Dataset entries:
fun cf_den_ext :: "real \<Rightarrow> nat \<Rightarrow> int" where
  "cf_den_ext x 0 = 1"
| "cf_den_ext x (Suc 0) = 0"
| "cf_den_ext x (Suc (Suc n)) = cf_digit x n * cf_den_ext x (Suc n) + cf_den_ext x n"

declare cf_rem.simps(2) [simp del] cf_num_ext.simps(3) [simp del] cf_den_ext.simps(3) [simp del]

lemma cf_num_eq_ext: "cf_num x n = cf_num_ext x (Suc (Suc n))"
  by (induction x n rule: cf_num.induct) (simp_all add: cf_num_ext.simps)

lemma cf_den_eq_ext: "cf_den x n = cf_den_ext x (Suc (Suc n))"
  by (induction x n rule: cf_den.induct) (simp_all add: cf_den_ext.simps)

lemma cf_ext_det:
  "cf_num_ext x (Suc n) * cf_den_ext x n - cf_num_ext x n * cf_den_ext x (Suc n) = (-1) ^ n"
  by (induction n) (simp_all add: cf_num_ext.simps cf_den_ext.simps algebra_simps)

lemma cf_rem_Suc_eq: "cf_rem x (Suc k) = 1 / frac (cf_rem x k)"
  by (simp add: cf_rem.simps frac_def)

lemma cf_rem_Suc_gt_1:
  assumes "cf_rem x k \<notin> \<int>"
  shows "cf_rem x (Suc k) > 1"
proof -
  have "frac (cf_rem x k) > 0" "frac (cf_rem x k) < 1"
    using assms frac_lt_1[of "cf_rem x k"] by (auto simp: less_le frac_eq_0_iff)
  then show ?thesis
    by (simp add: cf_rem_Suc_eq less_divide_eq)
qed

lemma cf_digit_Suc_ge_1: "cf_rem x k \<notin> \<int> \<Longrightarrow> cf_digit x (Suc k) \<ge> 1"
  using cf_rem_Suc_gt_1[of x k] unfolding cf_digit_def by linarith

lemma cf_rem_eq_digit_plus:
  assumes "cf_rem x k \<notin> \<int>"
  shows "cf_rem x k = cf_digit x k + 1 / cf_rem x (Suc k)"
  using assms by (simp add: cf_rem_Suc_eq cf_digit_def frac_def)
text \<open>The separating hyperplane cannot be vertical because \<open>\<Lambda>\<close> is finite everywhere;
  its slope becomes the point \<open>z\<close>.\<close>
lemma separation_from_epigraph:
  fixes \<Lambda> :: "'a::euclidean_space \<Rightarrow> real" and Q :: "('a \<times> real) set"
  assumes "convex_on UNIV \<Lambda>" "convex Q" "Q \<noteq> {}" and disj: "Q \<inter> epigraph UNIV \<Lambda> = {}"
  shows "\<exists>z L. (\<forall>\<eta>. \<eta> \<bullet> z - \<Lambda> \<eta> \<le> L) \<and> (\<forall>(\<eta>, r)\<in>Q. r + L \<le> \<eta> \<bullet> z)"
proof -
  obtain a1 a0 b where a: "(a1, a0) \<noteq> 0" and Q_le: "\<forall>(\<eta>, r)\<in>Q. a1 \<bullet> \<eta> + a0 * r \<le> b"
    and epi_ge: "\<And>\<eta> r. \<Lambda> \<eta> \<le> r \<Longrightarrow> b \<le> a1 \<bullet> \<eta> + a0 * r"
    using separating_hyperplane_sets[OF assms(2) convex_epigraphI[OF assms(1)] assms(3) _ disj]
    by (fastforce simp: epigraph_def)
  have "a0 \<ge> 0"
  proof (rule ccontr)
    assume neg: "\<not> a0 \<ge> 0"
    define r where "r = \<Lambda> 0 + (\<bar>b\<bar> + \<bar>a0 * \<Lambda> 0\<bar> + 1) / - a0"
    have "\<Lambda> 0 \<le> r" using neg unfolding r_def by (intro add_increasing2 divide_nonneg_pos) auto
    then have "b \<le> a0 * r" using epi_ge[of 0 r] by simp
    moreover have "a0 * r = a0 * \<Lambda> 0 - (\<bar>b\<bar> + \<bar>a0 * \<Lambda> 0\<bar> + 1)"
      using neg by (simp add: r_def right_diff_distrib)
    ultimately show False by (simp add: abs_if split: if_splits)
  qed
  moreover have "a0 \<noteq> 0"
  proof
    assume "a0 = 0"
    then have "a1 \<bullet> a1 > 0" using a by (simp add: zero_prod_def)
    define \<eta> where "\<eta> = - ((\<bar>b\<bar> + 1) / (a1 \<bullet> a1)) *\<^sub>R a1"
    have "b \<le> a1 \<bullet> \<eta>" using epi_ge[of \<eta> "\<Lambda> \<eta>"] \<open>a0 = 0\<close> by simp
    moreover have "a1 \<bullet> \<eta> = - (\<bar>b\<bar> + 1)" using \<open>a1 \<bullet> a1 > 0\<close> by (simp add: \<eta>_def)
    ultimately show False by (simp add: abs_if split: if_splits)
  qed
  ultimately have a0: "a0 > 0" by simp
  show ?thesis
  proof (intro exI conjI allI ballI; clarify?)
    fix \<eta>
    have "b \<le> a1 \<bullet> \<eta> + a0 * \<Lambda> \<eta>" by (rule epi_ge) simp
    then have "b / a0 \<le> (a1 \<bullet> \<eta> + a0 * \<Lambda> \<eta>) / a0" using a0 by (simp add: divide_right_mono)
    then show "\<eta> \<bullet> (- (1 / a0) *\<^sub>R a1) - \<Lambda> \<eta> \<le> - b / a0"
      using a0 by (simp add: add_divide_distrib inner_commute)
  next
    fix \<eta> r assume "(\<eta>, r) \<in> Q"
    then have "a1 \<bullet> \<eta> + a0 * r \<le> b" using Q_le by auto
    then have "(a1 \<bullet> \<eta> + a0 * r) / a0 \<le> b / a0" using a0 by (simp add: divide_right_mono)
    then show "r + - b / a0 \<le> \<eta> \<bullet> (- (1 / a0) *\<^sub>R a1)"
      using a0 by (simp add: add_divide_distrib inner_commute)
  qed
qed

lemma gradient_level_crossing:
  fixes f :: "'a::real_inner \<Rightarrow> real"
  assumes grad: "\<And>y. GDERIV f y :> g y" and "f z < s" "s < f x"
  shows "\<exists>l\<in>{0<..<1}. \<exists>p\<in>closed_segment z x.
    f ((1 - l) *\<^sub>R z + l *\<^sub>R x) = s \<and> (1 - l) * (g p \<bullet> (x - z)) = f x - s"
proof -
  define h where "h = (\<lambda>\<sigma>. f (z + \<sigma> *\<^sub>R (x - z)))"
  have h_deriv: "(h has_derivative (\<lambda>d. (d *\<^sub>R (x - z)) \<bullet> g (z + \<sigma> *\<^sub>R (x - z)))) (at \<sigma> within X)"
    for \<sigma> X
  proof -
    have "((\<lambda>\<sigma>. z + \<sigma> *\<^sub>R (x - z)) has_derivative (\<lambda>d. d *\<^sub>R (x - z))) (at \<sigma> within X)"
      by (auto intro!: derivative_eq_intros)
    then show ?thesis
      using has_derivative_compose grad[unfolded gderiv_def] unfolding h_def by blast
  qed
  have "continuous_on {0..1} h"
    using h_deriv has_derivative_continuous by (intro continuous_at_imp_continuous_on) blast
  then obtain l where l: "0 \<le> l" "l \<le> 1" "h l = s"
    using IVT'[of h 0 s 1] assms(2,3) by (auto simp: h_def)
  have "l \<noteq> 0" "l \<noteq> 1" using l(3) assms(2,3) by (auto simp: h_def)
  with l have "l < 1" "0 < l" by auto
  then obtain \<sigma> where \<sigma>: "\<sigma> \<in> {l<..<1}"
      "h 1 - h l = ((1 - l) *\<^sub>R (x - z)) \<bullet> g (z + \<sigma> *\<^sub>R (x - z))"
    using mvt_simple[OF \<open>l < 1\<close> h_deriv] by blast
  have "z + \<sigma> *\<^sub>R (x - z) \<in> closed_segment z x"
    using \<sigma>(1) \<open>0 < l\<close> unfolding closed_segment_def
    by (intro CollectI exI[of _ \<sigma>]) (auto simp: algebra_simps)
  moreover have "f ((1 - l) *\<^sub>R z + l *\<^sub>R x) = s" using l(3) by (simp add: h_def algebra_simps)
  moreover have "(1 - l) * (g (z + \<sigma> *\<^sub>R (x - z)) \<bullet> (x - z)) = f x - s"
    using \<sigma>(2) l(3) by (simp add: h_def inner_commute)
  ultimately show ?thesis using \<open>0 < l\<close> \<open>l < 1\<close> by auto
qed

• **Task statement**
Copy all lines of the preceding data that hold the word "real".

• **Finished exercise**
fun cf_den_ext :: "real \<Rightarrow> nat \<Rightarrow> int" where
  fixes \<Lambda> :: "'a::euclidean_space \<Rightarrow> real" and Q :: "('a \<times> real) set"
  fixes f :: "'a::real_inner \<Rightarrow> real"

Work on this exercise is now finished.